Looking good! Time to get the predictions and plot them to get a visual idea of ​​what we have designed.

Paso 3: get predictions

We will make a forward pass through the trained weights to obtain our predictions:

preds = []
for i in range(Y.shape[0]):
    x, Y = X[i], Y[i]
    prev_s = e.g.zeros((hidden_dim, 1))
    # Forward pass
    for t in range(T):
        mulu = e.g.dot(U, x)
        mulw = e.g.dot(W, prev_s)
        add = mulw + mulu
        s = sigmoid(add)
        mulv = e.g.dot(V, s)
        prev_s = s

    preds.append(mulv)
    
preds = e.g.array(preds)

Plotting these predictions along with the actual values:

plt.plot(preds[:, 0, 0], 'g')
plt.plot(Y[:, 0], 'r')
plt.show()

This was in the training data. How do we know if our model was not too tight? This is where the validation set comes in., that we previously created:

preds = []
for i in range(Y_val.shape[0]):
    x, Y = X_val[i], Y_val[i]
    prev_s = e.g.zeros((hidden_dim, 1))
    # For each time step...
    for t in range(T):
        mulu = e.g.dot(U, x)
        mulw = e.g.dot(W, prev_s)
        add = mulw + mulu
        s = sigmoid(add)
        mulv = e.g.dot(V, s)
        prev_s = s

    preds.append(mulv)
    
preds = e.g.array(preds)

plt.plot(preds[:, 0, 0], 'g')
plt.plot(Y_val[:, 0], 'r')
plt.show()

Nothing bad. The predictions seem impressive. The RMSE score in the validation data is also respectable:

from sklearn.metrics import mean_squared_error

math.sqrt(mean_squared_error(Y_val[:, 0] * max_val, preds[:, 0, 0] * max_val))
0.127191931509431

Final notes

I can't stress enough how useful RNNs are when working with sequence data. I implore everyone to take this learning and apply it to a dataset. Take an NLP hurdle and see if you can find a solution. You can always reach out to me in the comment section below if you have any questions.

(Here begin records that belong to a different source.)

(* Let $0<\alpha<1$, $\sigma=1-\alpha/2$, $l,T>0$, $N,M\ge1$, $h=l/N$, $x_i=ih$, $\tau=T/M$, $t_j=j\tau$, $t_{j+\sigma}=(j+\sigma)\tau$. Let $k(t)\ge c_1>0$, $q(t)\ge0$ be continuous on $[0,T]$, $f$ continuous on $[0,l]\times[0,T]$, and $u_0$ a function on $[0,l]$. Set $a^{j+1}=k(t_{j+\sigma})$, $d^{j+1}=q(t_{j+\sigma})$, $\varphi_i^{j+1}=f(x_i,t_{j+\sigma})$ ($0\le i\le N$). Let $y$ solve $$\Delta^\alpha_{0t_{j+\sigma}}\mathcal H_hy_i=a^{j+1}y^{(\sigma)}_{\bar xx,i}-d^{j+1}\mathcal H_hy_i^{(\sigma)}+\mathcal H_h\varphi_i^{j+1},\quad i=1,\dots,N-1,\ j=0,\dots,M-1,$$ $$y_0^j=y_N^j=0,\qquad y_i^0=u_0(x_i).$$ Then the scheme is unconditionally stable and for every $j=0,\dots,M-1$ $$\|\mathcal H_hy^{j+1}\|_0^2\le\|\mathcal H_hy^0\|_0^2+\frac{l^2T^\alpha\Gamma(1-\alpha)}{c_1}\max_{1\le j\le M}\|\mathcal H_h\varphi^j\|_0^2 .$$
   Context: $(y,v)=\sum_{i=1}^{N-1}y_iv_ih$, $\|y\|_0^2=(y,y)$; $v_{\bar xx,i}=(v_{i+1}-2v_i+v_{i-1})/h^2$; $\mathcal H_hv_i=v_i+\frac{h^2}{12}v_{\bar xx,i}=\frac{v_{i-1}+10v_i+v_{i+1}}{12}$ for $i=1,\dots,N-1$; $y^{(\sigma)}=\sigma y^{j+1}+(1-\sigma)y^j$. The discrete fractional derivative of a mesh function $w$ is $\Delta^\alpha_{0t_{j+\sigma}}w=\frac{\tau^{1-\alpha}}{\Gamma(2-\alpha)}\sum_{s=0}^{j}c_{j-s}\frac{w^{s+1}-w^s}{\tau}$, with $a_0=\sigma^{1-\alpha}$, $a_m=(m+\sigma)^{1-\alpha}-(m-1+\sigma)^{1-\alpha}$ ($m\ge1$), $b_m=\frac{1}{2-\alpha}[(m+\sigma)^{2-\alpha}-(m-1+\sigma)^{2-\alpha}]-\frac12[(m+\sigma)^{1-\alpha}+(m-1+\sigma)^{1-\alpha}]$ ($m\ge1$); for $j=0$, $c_0=a_0$; for $j\ge1$, $c_0=a_0+b_1$, $c_s=a_s+b_{s+1}-b_s$ ($1\le s\le j-1$), $c_j=a_j-b_j$. *)

theory Defs
  imports "HOL-Analysis.Analysis"
begin

text \<open>Mesh functions in space are maps nat \<Rightarrow> real (index i = 0..N);
  time-dependent mesh functions are maps nat \<Rightarrow> nat \<Rightarrow> real, indexed first by
  the time level j and then by the space index i.\<close>

definition dinner :: "real \<Rightarrow> nat \<Rightarrow> (nat \<Rightarrow> real) \<Rightarrow> (nat \<Rightarrow> real) \<Rightarrow> real" where
  "dinner h N y v = (\<Sum>i = 1..N - 1. y i * v i * h)"

definition norm0sq :: "real \<Rightarrow> nat \<Rightarrow> (nat \<Rightarrow> real) \<Rightarrow> real" where
  "norm0sq h N y = dinner h N y y"

definition dxx :: "real \<Rightarrow> (nat \<Rightarrow> real) \<Rightarrow> nat \<Rightarrow> real" where
  "dxx h v i = (v (i + 1) - 2 * v i + v (i - 1)) / h ^ 2"

text \<open>Only used for i \<ge> 1.\<close>
definition Hh :: "real \<Rightarrow> (nat \<Rightarrow> real) \<Rightarrow> nat \<Rightarrow> real" where
  "Hh h v i = v i + h ^ 2 / 12 * dxx h v i"

definition coef_a :: "real \<Rightarrow> real \<Rightarrow> nat \<Rightarrow> real" where
  "coef_a \<alpha> \<sigma> m = (if m = 0 then \<sigma> powr (1 - \<alpha>)
     else (real m + \<sigma>) powr (1 - \<alpha>) - (real m - 1 + \<sigma>) powr (1 - \<alpha>))"

definition coef_b :: "real \<Rightarrow> real \<Rightarrow> nat \<Rightarrow> real" where
  "coef_b \<alpha> \<sigma> m = 1 / (2 - \<alpha>) * ((real m + \<sigma>) powr (2 - \<alpha>) - (real m - 1 + \<sigma>) powr (2 - \<alpha>))
     - 1 / 2 * ((real m + \<sigma>) powr (1 - \<alpha>) + (real m - 1 + \<sigma>) powr (1 - \<alpha>))"

definition coef_c :: "real \<Rightarrow> real \<Rightarrow> nat \<Rightarrow> nat \<Rightarrow> real" where
  "coef_c \<alpha> \<sigma> j s =
     (if j = 0 then coef_a \<alpha> \<sigma> 0
      else if s = 0 then coef_a \<alpha> \<sigma> 0 + coef_b \<alpha> \<sigma> 1
      else if s < j then coef_a \<alpha> \<sigma> s + coef_b \<alpha> \<sigma> (s + 1) - coef_b \<alpha> \<sigma> s
      else coef_a \<alpha> \<sigma> j - coef_b \<alpha> \<sigma> j)"

text \<open>Discrete fractional derivative at t_{j+\<sigma>} of a time mesh function w.\<close>
definition frac_deriv :: "real \<Rightarrow> real \<Rightarrow> real \<Rightarrow> nat \<Rightarrow> (nat \<Rightarrow> real) \<Rightarrow> real" where
  "frac_deriv \<alpha> \<sigma> \<tau> j w =
     \<tau> powr (1 - \<alpha>) / Gamma (2 - \<alpha>) *
       (\<Sum>s = 0..j. coef_c \<alpha> \<sigma> j (j - s) * (w (s + 1) - w s) / \<tau>)"

end

theory Submission
  imports Defs
begin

In this post, we learned how to create a recurring neural network model from scratch using just the numpy library. Of course, you can use a high-level library like Keras or Caffe, but it is essential to know the concept you are implementing.

Share your thoughts, questions and comments about this post below. Happy learning!

Subscribe to our Newsletter

We will not send you SPAM mail. We hate it as much as you.